6) There's a big overhead in crossing cultural boundaries. On the other hand, programmers in the U.S. may spend a lot of time playing video games rather than learning social skills; there is a big barrier between someone with low social skills and the normal world, also.
This sounds like a point, but ends up being a non-issue. Indians, or any other foreign contractors will have to expend their own internal efforts on these issues. Native contractors are likely to use that as leisure time. Both are "wastes" from a productivity standpoint.
(I know there is a point here about leisure time being restorative and allowing people to work more effectively when they are on task- but there are some studies that indicate that what is really needed is time away from the "primary" task, a secondary task is often just as effective as a pure leisure time. Let the shrinks sort it out.)
7) You may not notice the low quality of your product until it is too late. That's why you outsourced, isn't it?: You wanted to avoid giving attention to a critical area.
Anyone who outsources their critical business processes is a fool.
There are valid reasons for outsourcing, most of which boil down to focusing on where your expertise is, and letting other experts do what they are good at for you.
Using Apple as an example, they outsource almost all of their manufacturing and assembly. They focus on design and engineering. (Software and hardware)
Don't post innacurate information
If you do, I swear by my pretty floral bonnet I will end you.
They don't need our or anyone else's stinking IP. You've been reading too much western propaganda.
Mmm... no. Sorry.
There are a lot of bright people in China, but there are also a lot of companies out to swipe IP from other countries. The most recent example I've read about is a whole segment of the auto industry over there devoted to copying the designs of companies like Honda and Mercedes.
One of them even stole their *symbol* from Audi, which they slapped on a copy of another manufacturer's car. I thought that one was particularly funny - it reminded me of the bootleg Versace/Universal Studios "dual logo" t-shirts in Kamikaze Girls.

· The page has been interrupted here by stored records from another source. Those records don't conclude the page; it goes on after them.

(* Let $(\Omega(\mathcal{A}),\mathrm{d},\bar{\mathrm{d}})$ be a bidifferential graded algebra, and let $M,N\ge 1$. Let $X$ be an $N\times N$ matrix and $Y$ an $M\times N$ matrix with entries in $\mathcal{A}$, let $P$ be an $N\times N$ matrix and $R$ an $N\times N$ matrix with entries in $\mathcal{A}$, and let $Q$ be an $N\times M$ matrix with entries in $\mathcal{A}$, such that $\mathrm{d}R=0$ and $\mathrm{d}Q=0$. Suppose that $$\bar{\mathrm{d}}X=(\mathrm{d}X)\,P,\qquad \bar{\mathrm{d}}Y=(\mathrm{d}Y)\,P,\qquad R\,X+Q\,Y=X\,P,$$ and that $X$ is invertible. Then $\Phi:=Y X^{-1}$ satisfies $$\bar{\mathrm{d}}\,\mathrm{d}\,\Phi=(\mathrm{d}\Phi)\,Q\,(\mathrm{d}\Phi).$$
   Context: $\mathcal{A}$ is a unital associative algebra over $\mathbb{C}$ with identity $I$. A bidifferential graded algebra $(\Omega(\mathcal{A}),\mathrm{d},\bar{\mathrm{d}})$ consists of a graded associative algebra $\Omega(\mathcal{A})=\bigoplus_{r\ge 0}\Omega^r(\mathcal{A})$ with $\Omega^0(\mathcal{A})=\mathcal{A}$ (each $\Omega^r(\mathcal{A})$ an $\mathcal{A}$-bimodule) together with two linear maps $\mathrm{d},\bar{\mathrm{d}}:\Omega^r(\mathcal{A})\to\Omega^{r+1}(\mathcal{A})$ satisfying the graded Leibniz rule $\mathrm{d}(\alpha\beta)=(\mathrm{d}\alpha)\beta+(-1)^r\alpha\,\mathrm{d}\beta$ for $\alpha\in\Omega^r(\mathcal{A})$ (and likewise for $\bar{\mathrm{d}}$), and $\mathrm{d}^2=\bar{\mathrm{d}}^2=0$, $\mathrm{d}\bar{\mathrm{d}}+\bar{\mathrm{d}}\mathrm{d}=0$. The maps $\mathrm{d},\bar{\mathrm{d}}$ are applied entrywise to matrices with entries in $\Omega(\mathcal{A})$, and products of such matrices use the matrix product together with the product of $\Omega(\mathcal{A})$. Inverses are taken in the algebra of square matrices over $\mathcal{A}$. *)

theory Defs
  imports Complex_Main "Jordan_Normal_Form.Matrix"
begin

text \<open>The graded algebra Omega(A) is modelled as a unital ring 'w with a
  complex scalar multiplication making it a C-algebra, together with
  the family of homogeneous subspaces Omega r (r :: nat) whose direct sum is
  the whole of 'w.  The base algebra A is Omega 0.\<close>

definition bdga ::
  "(complex \<Rightarrow> 'w::ring_1 \<Rightarrow> 'w) \<Rightarrow> (nat \<Rightarrow> 'w set) \<Rightarrow> ('w \<Rightarrow> 'w) \<Rightarrow> ('w \<Rightarrow> 'w) \<Rightarrow> bool"
where
  "bdga scale Omega d db \<longleftrightarrow>
     \<comment> \<open>complex algebra structure\<close>
     Modules.module scale \<and>
     (\<forall>c a b. scale c (a * b) = scale c a * b \<and> scale c (a * b) = a * scale c b) \<and>
     \<comment> \<open>grading: subspaces, multiplicative, unit in degree 0, direct sum\<close>
     (\<forall>r. Modules.module.subspace scale (Omega r)) \<and>
     (1 \<in> Omega 0) \<and>
     (\<forall>r s a b. a \<in> Omega r \<longrightarrow> b \<in> Omega s \<longrightarrow> a * b \<in> Omega (r + s)) \<and>
     (\<forall>w. \<exists>n x. (\<forall>r<n. x r \<in> Omega r) \<and> w = (\<Sum>r<n. x r)) \<and>
     (\<forall>n x. (\<forall>r<n. x r \<in> Omega r) \<and> (\<Sum>r<n. x r) = 0 \<longrightarrow> (\<forall>r<n. x r = 0)) \<and>
     \<comment> \<open>d and db: linear maps of degree +1\<close>
     (\<forall>a b. d (a + b) = d a + d b \<and> db (a + b) = db a + db b) \<and>
     (\<forall>c a. d (scale c a) = scale c (d a) \<and> db (scale c a) = scale c (db a)) \<and>
     (\<forall>r a. a \<in> Omega r \<longrightarrow> d a \<in> Omega (Suc r) \<and> db a \<in> Omega (Suc r)) \<and>
     \<comment> \<open>graded Leibniz rule\<close>
     (\<forall>r a b. a \<in> Omega r \<longrightarrow>
        d (a * b) = d a * b + (-1) ^ r * a * d b \<and>
        db (a * b) = db a * b + (-1) ^ r * a * db b) \<and>
     \<comment> \<open>d^2 = db^2 = 0, d db + db d = 0\<close>
     (\<forall>a. d (d a) = 0 \<and> db (db a) = 0 \<and> d (db a) + db (d a) = 0)"

definition entries_in :: "'a set \<Rightarrow> nat \<Rightarrow> nat \<Rightarrow> 'a mat \<Rightarrow> bool" where
  "entries_in S m n X \<longleftrightarrow> X \<in> carrier_mat m n \<and> (\<forall>i<m. \<forall>j<n. X $$ (i, j) \<in> S)"

end

theory Submission
  imports Defs
begin

(* Write U for the inverse of X and Phi = Y U.  Both d and db act on
   matrices entrywise and satisfy the Leibniz rule (without sign) on matrices with
   entries in the degree-0 part A = Omega 0; d satisfies it with a sign on degree-1
   entries.  Hence:
     (1) d U = - U (d X) U, so d Phi = (d Y - Phi d X) U, and likewise for db;
     (2) the linear relation R X + Q Y = X P gives P U = U (R + Q Phi) =: U T;
     (3) combining, db Phi = (d Y - Phi d X) P U = (d Phi) T;
     (4) d T = Q d Phi, because d R = d Q = 0;
     (5) d (d Phi T) = - d Phi d T, by the degree-1 Leibniz rule and d d = 0.
   Then db d Phi = - d db Phi = - d (d Phi T) = d Phi Q d Phi. *)

lemma entries_in_carrier: "entries_in S n m A \<Longrightarrow> A \<in> carrier_mat n m"
  unfolding entries_in_def by auto

lemma entries_in_map_mat:
  assumes "\<And>a. a \<in> S \<Longrightarrow> f a \<in> T" and "entries_in S n m A"
  shows "entries_in T n m (map_mat f A)"
  using assms unfolding entries_in_def by auto

lemma map_mat_add:
  assumes "additive f" and "A \<in> carrier_mat n m" and "B \<in> carrier_mat n m"
  shows "map_mat f (A + B) = map_mat f A + map_mat f B"
  using assms by (intro eq_matI) (auto simp: additive.add)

"...always new atoms but always doing the same dance, remembering what the dance was yesterday." -Richard Feynman
Sorry to reply twice... just thought of a second point.
I used to work for a "Big 6" professional services/accounting firm. I can't even tell you the number of SAP or PeopleSoft implementations this firm bungled with a staff of 100+ on a project all billing at about $200/hr.
Plenty of high priced consultants screw up too.
To make any kind of large scale project succede, you need to 1) look for - and be willing to pay for - good quality talent and 2) watch them like a hawk. Have them deliver early and often, and monitor their deliverables. Yank them out if the project gets into trouble, don't wait until you've sunk two years and $50 million in before you find out they are incompetent.